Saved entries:
•••••

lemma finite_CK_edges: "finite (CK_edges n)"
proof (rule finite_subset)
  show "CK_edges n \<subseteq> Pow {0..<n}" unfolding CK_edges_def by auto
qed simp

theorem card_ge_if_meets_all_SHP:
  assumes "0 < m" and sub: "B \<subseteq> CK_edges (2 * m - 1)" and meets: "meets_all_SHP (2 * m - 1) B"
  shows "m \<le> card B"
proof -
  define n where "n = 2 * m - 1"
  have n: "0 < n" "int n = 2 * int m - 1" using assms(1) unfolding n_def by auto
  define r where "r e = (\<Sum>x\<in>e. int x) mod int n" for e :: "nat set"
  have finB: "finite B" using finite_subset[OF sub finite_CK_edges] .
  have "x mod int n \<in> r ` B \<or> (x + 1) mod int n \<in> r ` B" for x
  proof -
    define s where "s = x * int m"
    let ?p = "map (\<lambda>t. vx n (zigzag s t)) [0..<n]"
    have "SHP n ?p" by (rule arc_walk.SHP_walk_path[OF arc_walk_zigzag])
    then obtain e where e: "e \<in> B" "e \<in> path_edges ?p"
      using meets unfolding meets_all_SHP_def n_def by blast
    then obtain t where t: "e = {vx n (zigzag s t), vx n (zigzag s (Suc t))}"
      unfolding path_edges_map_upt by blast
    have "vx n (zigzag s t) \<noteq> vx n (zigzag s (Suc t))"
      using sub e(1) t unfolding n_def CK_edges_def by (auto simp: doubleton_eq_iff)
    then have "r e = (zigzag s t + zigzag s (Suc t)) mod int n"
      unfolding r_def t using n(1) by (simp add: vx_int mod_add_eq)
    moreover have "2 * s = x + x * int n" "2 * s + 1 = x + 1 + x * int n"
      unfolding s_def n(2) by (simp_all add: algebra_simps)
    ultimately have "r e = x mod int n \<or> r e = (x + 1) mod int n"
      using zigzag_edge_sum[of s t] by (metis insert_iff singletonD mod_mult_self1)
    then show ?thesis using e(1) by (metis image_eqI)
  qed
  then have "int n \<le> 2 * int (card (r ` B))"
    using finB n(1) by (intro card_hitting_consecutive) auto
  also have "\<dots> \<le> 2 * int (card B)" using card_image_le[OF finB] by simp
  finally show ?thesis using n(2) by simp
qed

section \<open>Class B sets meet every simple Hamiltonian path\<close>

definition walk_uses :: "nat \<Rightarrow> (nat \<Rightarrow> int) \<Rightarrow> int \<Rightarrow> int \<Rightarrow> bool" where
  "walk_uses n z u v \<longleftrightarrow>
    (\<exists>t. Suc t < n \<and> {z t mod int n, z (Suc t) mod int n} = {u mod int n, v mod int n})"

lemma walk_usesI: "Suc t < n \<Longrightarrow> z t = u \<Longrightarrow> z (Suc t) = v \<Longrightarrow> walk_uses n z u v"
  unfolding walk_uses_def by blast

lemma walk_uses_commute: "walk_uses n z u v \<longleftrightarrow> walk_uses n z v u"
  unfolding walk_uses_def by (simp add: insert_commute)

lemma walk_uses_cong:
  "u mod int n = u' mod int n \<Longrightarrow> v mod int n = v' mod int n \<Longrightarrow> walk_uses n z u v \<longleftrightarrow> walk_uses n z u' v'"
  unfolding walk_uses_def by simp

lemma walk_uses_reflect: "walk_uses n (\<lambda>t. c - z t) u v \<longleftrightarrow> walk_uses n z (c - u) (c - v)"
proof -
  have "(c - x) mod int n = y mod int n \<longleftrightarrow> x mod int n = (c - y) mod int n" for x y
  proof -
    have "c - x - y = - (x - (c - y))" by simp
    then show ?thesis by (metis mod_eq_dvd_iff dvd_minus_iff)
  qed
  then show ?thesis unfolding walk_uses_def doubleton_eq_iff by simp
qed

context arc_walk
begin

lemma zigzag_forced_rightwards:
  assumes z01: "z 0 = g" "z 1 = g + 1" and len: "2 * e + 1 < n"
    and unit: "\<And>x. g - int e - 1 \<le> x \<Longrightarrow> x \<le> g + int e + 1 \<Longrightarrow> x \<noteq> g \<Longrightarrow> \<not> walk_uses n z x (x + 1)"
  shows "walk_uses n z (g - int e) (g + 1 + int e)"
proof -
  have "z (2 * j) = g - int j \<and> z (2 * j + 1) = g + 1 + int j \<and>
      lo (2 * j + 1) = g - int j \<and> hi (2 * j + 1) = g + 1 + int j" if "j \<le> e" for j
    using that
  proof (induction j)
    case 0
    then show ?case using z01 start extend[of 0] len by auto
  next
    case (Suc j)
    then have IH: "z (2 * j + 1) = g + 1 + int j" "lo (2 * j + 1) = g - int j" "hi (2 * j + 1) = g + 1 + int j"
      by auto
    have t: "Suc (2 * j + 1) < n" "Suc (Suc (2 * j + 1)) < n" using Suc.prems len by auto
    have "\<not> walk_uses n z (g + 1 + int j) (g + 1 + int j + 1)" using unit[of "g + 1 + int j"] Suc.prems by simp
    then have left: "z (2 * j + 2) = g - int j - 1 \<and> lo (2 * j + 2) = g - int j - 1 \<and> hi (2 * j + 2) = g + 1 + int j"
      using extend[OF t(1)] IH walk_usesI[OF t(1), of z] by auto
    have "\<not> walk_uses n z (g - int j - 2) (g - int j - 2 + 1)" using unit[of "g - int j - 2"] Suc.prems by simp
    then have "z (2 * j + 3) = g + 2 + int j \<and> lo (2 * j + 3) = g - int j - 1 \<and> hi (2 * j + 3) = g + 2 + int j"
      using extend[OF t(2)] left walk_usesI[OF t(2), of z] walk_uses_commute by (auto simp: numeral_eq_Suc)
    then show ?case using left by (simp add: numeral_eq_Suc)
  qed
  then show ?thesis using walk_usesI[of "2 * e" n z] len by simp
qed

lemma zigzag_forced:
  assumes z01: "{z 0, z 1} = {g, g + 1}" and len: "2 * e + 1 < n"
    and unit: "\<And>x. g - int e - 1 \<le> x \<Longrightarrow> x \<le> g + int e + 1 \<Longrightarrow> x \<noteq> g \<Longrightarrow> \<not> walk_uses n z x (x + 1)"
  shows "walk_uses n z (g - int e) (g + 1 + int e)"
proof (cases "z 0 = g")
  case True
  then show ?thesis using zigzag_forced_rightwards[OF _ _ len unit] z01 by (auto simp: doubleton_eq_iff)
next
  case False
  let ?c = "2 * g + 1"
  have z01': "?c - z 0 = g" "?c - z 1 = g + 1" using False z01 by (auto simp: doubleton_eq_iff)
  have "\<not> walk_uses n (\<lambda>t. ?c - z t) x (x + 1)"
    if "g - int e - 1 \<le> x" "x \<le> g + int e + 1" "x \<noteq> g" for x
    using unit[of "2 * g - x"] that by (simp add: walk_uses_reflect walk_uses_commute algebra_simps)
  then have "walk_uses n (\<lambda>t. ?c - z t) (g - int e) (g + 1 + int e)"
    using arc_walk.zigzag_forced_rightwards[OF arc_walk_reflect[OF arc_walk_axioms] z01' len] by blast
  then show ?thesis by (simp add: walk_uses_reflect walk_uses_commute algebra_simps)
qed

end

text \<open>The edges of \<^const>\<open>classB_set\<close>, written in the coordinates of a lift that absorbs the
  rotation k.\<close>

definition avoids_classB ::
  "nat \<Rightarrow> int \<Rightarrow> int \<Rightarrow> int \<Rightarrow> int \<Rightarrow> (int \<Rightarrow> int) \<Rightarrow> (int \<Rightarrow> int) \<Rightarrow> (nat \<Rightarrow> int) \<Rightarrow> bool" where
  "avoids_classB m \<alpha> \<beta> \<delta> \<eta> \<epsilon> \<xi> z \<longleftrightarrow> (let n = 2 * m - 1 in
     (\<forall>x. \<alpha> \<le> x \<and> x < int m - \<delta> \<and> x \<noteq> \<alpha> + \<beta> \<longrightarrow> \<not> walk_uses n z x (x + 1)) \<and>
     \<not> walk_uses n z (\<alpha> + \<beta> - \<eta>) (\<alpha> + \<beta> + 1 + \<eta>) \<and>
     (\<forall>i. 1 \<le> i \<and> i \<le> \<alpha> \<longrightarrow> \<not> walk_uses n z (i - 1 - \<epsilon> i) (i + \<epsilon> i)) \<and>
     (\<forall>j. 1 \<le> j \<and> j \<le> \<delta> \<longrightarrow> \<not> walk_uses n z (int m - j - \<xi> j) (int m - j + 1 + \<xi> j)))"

•••••

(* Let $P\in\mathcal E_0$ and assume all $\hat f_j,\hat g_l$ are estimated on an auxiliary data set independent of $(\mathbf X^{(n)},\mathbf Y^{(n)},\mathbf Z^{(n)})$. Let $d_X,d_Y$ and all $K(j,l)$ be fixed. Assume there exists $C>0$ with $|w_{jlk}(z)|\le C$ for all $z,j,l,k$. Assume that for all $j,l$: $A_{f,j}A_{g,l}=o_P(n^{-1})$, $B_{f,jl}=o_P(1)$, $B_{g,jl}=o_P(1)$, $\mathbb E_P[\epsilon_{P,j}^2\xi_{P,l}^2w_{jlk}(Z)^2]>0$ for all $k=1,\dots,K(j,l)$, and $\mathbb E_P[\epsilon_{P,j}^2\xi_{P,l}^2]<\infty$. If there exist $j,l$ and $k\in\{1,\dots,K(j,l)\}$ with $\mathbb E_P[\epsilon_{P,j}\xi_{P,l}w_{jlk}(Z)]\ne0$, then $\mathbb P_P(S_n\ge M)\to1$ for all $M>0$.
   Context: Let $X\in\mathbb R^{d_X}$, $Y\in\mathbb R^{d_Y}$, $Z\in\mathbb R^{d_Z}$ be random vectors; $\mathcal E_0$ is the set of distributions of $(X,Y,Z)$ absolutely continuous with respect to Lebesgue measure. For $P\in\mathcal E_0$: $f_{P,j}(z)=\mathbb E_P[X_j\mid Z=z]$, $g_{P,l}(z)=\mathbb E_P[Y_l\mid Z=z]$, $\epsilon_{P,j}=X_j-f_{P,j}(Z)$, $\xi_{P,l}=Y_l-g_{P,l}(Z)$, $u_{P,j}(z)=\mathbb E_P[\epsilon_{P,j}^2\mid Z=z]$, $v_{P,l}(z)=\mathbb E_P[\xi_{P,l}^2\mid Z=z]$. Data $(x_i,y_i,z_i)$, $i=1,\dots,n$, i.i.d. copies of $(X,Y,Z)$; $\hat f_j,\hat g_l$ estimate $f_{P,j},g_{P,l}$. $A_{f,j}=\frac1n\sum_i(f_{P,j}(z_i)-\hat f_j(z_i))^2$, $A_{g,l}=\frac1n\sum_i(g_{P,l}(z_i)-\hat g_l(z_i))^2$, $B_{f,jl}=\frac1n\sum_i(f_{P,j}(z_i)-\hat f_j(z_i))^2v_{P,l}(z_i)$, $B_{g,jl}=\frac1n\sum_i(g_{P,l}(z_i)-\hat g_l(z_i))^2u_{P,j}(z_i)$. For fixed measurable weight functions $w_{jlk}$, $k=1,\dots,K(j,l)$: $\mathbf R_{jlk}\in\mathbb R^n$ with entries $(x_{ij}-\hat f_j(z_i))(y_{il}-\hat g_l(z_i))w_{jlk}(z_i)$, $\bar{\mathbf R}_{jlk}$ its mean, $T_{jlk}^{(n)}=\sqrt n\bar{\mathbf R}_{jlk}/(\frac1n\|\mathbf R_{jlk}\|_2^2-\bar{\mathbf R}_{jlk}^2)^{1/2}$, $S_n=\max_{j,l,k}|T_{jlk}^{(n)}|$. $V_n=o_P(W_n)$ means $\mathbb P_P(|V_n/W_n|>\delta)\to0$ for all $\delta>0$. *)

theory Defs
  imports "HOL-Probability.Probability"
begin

•••••

(Problem description)
Reproduce the lines of the entries above from the one with "CK_edges (2 *" to the one with "n_def by auto", both included, exactly and without any other line.

(Problem solution)
  assumes "0 < m" and sub: "B \<subseteq> CK_edges (2 * m - 1)" and meets: "meets_all_SHP (2 * m - 1) B"
  shows "m \<le> card B"
proof -
  define n where "n = 2 * m - 1"
  have n: "0 < n" "int n = 2 * int m - 1" using assms(1) unfolding n_def by auto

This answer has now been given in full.